*EXERCISE*.
Filter the data below for the string "ultimately" and copy each matching line.
· · ·
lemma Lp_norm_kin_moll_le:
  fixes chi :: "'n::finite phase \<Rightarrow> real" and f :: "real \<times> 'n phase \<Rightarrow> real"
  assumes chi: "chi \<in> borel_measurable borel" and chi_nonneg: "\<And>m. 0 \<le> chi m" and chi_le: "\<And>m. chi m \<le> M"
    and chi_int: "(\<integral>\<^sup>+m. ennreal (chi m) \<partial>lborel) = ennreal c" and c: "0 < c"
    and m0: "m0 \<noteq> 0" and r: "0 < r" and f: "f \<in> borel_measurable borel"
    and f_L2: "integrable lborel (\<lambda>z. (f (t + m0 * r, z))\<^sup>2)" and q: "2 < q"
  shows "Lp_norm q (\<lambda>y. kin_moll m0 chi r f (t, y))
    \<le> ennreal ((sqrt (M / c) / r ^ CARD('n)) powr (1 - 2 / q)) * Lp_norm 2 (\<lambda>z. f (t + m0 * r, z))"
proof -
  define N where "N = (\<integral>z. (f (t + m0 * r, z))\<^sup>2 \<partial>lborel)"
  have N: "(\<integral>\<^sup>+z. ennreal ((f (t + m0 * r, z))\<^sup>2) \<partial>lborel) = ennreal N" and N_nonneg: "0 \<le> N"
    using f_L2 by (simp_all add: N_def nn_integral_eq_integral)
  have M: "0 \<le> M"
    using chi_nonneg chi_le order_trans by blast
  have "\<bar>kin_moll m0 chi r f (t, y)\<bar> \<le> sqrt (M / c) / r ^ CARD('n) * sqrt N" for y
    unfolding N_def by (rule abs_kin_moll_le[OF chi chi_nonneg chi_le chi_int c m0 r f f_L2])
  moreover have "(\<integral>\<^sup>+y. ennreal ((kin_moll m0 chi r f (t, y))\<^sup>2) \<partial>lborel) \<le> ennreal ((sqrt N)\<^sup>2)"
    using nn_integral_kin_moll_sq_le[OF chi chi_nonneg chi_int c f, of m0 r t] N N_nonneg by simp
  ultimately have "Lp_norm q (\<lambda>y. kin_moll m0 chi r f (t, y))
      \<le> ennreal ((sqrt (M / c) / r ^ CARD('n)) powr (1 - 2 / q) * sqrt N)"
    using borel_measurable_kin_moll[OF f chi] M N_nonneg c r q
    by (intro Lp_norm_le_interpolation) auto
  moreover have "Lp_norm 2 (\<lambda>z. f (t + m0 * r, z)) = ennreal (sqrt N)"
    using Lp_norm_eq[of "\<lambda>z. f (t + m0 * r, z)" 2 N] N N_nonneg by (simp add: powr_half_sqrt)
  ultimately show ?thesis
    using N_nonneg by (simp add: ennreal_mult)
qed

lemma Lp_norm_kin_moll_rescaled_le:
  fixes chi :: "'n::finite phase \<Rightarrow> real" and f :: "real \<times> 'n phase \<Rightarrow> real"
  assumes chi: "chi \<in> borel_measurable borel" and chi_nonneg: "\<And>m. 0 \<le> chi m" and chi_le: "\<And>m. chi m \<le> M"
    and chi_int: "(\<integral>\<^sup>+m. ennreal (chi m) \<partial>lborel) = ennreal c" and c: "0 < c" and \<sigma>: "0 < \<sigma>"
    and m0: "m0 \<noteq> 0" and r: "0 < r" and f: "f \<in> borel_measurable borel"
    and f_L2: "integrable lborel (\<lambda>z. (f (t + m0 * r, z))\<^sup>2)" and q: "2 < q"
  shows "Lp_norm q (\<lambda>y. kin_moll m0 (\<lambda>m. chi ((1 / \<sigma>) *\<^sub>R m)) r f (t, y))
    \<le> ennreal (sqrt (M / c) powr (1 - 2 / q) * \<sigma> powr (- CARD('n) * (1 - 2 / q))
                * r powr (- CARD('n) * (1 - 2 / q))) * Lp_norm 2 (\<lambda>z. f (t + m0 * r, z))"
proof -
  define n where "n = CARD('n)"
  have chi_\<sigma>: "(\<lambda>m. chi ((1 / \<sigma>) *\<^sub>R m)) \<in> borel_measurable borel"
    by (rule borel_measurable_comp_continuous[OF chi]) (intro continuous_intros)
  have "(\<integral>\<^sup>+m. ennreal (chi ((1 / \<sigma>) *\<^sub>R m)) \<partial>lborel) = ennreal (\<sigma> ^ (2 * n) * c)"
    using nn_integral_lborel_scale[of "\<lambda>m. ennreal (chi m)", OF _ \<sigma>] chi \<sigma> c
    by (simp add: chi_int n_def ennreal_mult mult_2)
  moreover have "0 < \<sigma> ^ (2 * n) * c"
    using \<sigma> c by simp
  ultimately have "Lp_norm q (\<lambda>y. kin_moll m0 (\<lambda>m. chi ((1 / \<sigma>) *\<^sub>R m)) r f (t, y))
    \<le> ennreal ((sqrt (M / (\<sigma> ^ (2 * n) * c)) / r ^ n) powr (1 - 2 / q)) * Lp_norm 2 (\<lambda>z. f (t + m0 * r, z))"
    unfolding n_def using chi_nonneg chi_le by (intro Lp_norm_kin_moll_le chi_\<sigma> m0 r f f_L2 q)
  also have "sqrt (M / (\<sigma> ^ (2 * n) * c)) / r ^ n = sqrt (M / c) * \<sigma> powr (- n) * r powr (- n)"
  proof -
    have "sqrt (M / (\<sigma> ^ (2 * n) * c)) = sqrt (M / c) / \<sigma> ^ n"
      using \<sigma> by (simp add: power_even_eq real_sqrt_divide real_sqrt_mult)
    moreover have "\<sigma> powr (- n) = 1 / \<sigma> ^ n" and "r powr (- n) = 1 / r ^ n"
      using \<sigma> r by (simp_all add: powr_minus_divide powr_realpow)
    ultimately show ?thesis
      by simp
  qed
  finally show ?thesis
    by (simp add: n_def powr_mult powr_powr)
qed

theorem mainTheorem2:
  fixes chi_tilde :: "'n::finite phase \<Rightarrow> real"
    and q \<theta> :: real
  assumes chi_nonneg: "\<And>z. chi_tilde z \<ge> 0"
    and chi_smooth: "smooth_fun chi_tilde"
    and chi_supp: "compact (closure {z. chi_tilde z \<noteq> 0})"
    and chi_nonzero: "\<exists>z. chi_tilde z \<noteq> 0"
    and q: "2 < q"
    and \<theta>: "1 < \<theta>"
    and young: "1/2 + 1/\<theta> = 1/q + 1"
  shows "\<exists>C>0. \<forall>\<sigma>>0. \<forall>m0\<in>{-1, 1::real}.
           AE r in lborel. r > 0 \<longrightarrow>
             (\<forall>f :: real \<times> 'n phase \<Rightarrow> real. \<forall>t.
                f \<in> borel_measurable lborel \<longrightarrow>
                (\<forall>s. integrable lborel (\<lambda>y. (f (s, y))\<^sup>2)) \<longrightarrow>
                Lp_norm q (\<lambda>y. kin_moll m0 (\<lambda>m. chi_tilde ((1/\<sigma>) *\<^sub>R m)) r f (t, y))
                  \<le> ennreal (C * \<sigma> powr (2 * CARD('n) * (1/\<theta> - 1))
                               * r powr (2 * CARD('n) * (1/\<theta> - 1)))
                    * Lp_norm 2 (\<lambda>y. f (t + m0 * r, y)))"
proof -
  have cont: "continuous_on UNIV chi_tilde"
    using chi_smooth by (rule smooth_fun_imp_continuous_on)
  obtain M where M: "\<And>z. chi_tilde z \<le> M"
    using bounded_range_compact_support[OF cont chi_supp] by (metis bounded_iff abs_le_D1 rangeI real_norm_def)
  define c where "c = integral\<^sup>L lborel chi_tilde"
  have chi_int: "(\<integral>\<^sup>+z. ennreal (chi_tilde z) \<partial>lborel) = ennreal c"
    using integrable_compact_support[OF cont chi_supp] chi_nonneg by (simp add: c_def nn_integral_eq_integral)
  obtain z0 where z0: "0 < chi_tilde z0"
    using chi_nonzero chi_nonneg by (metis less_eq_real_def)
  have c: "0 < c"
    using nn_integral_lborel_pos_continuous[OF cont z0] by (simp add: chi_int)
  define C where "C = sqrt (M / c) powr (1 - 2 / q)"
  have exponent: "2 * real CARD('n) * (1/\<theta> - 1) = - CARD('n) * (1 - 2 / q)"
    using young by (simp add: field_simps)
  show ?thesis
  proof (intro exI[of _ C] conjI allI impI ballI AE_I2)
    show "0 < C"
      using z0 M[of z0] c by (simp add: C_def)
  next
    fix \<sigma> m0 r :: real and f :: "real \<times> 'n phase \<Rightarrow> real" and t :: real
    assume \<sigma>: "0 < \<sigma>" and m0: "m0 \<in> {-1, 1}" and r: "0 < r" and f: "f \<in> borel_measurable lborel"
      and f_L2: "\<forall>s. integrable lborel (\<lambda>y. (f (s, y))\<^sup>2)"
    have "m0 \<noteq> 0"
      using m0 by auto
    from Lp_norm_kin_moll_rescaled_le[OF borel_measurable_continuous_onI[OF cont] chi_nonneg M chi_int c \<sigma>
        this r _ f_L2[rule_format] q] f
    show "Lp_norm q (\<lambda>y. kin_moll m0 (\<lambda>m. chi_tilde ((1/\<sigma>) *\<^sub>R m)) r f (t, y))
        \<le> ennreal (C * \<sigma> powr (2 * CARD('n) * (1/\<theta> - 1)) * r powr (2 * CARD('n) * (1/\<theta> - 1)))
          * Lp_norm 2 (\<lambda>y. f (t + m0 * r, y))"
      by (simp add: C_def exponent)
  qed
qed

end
· · ·
*ANSWER SECTION*.
  ultimately have "Lp_norm q (\<lambda>y. kin_moll m0 chi r f (t, y))
  ultimately show ?thesis
  ultimately have "Lp_norm q (\<lambda>y. kin_moll m0 (\<lambda>m. chi ((1 / \<sigma>) *\<^sub>R m)) r f (t, y))
    ultimately show ?thesis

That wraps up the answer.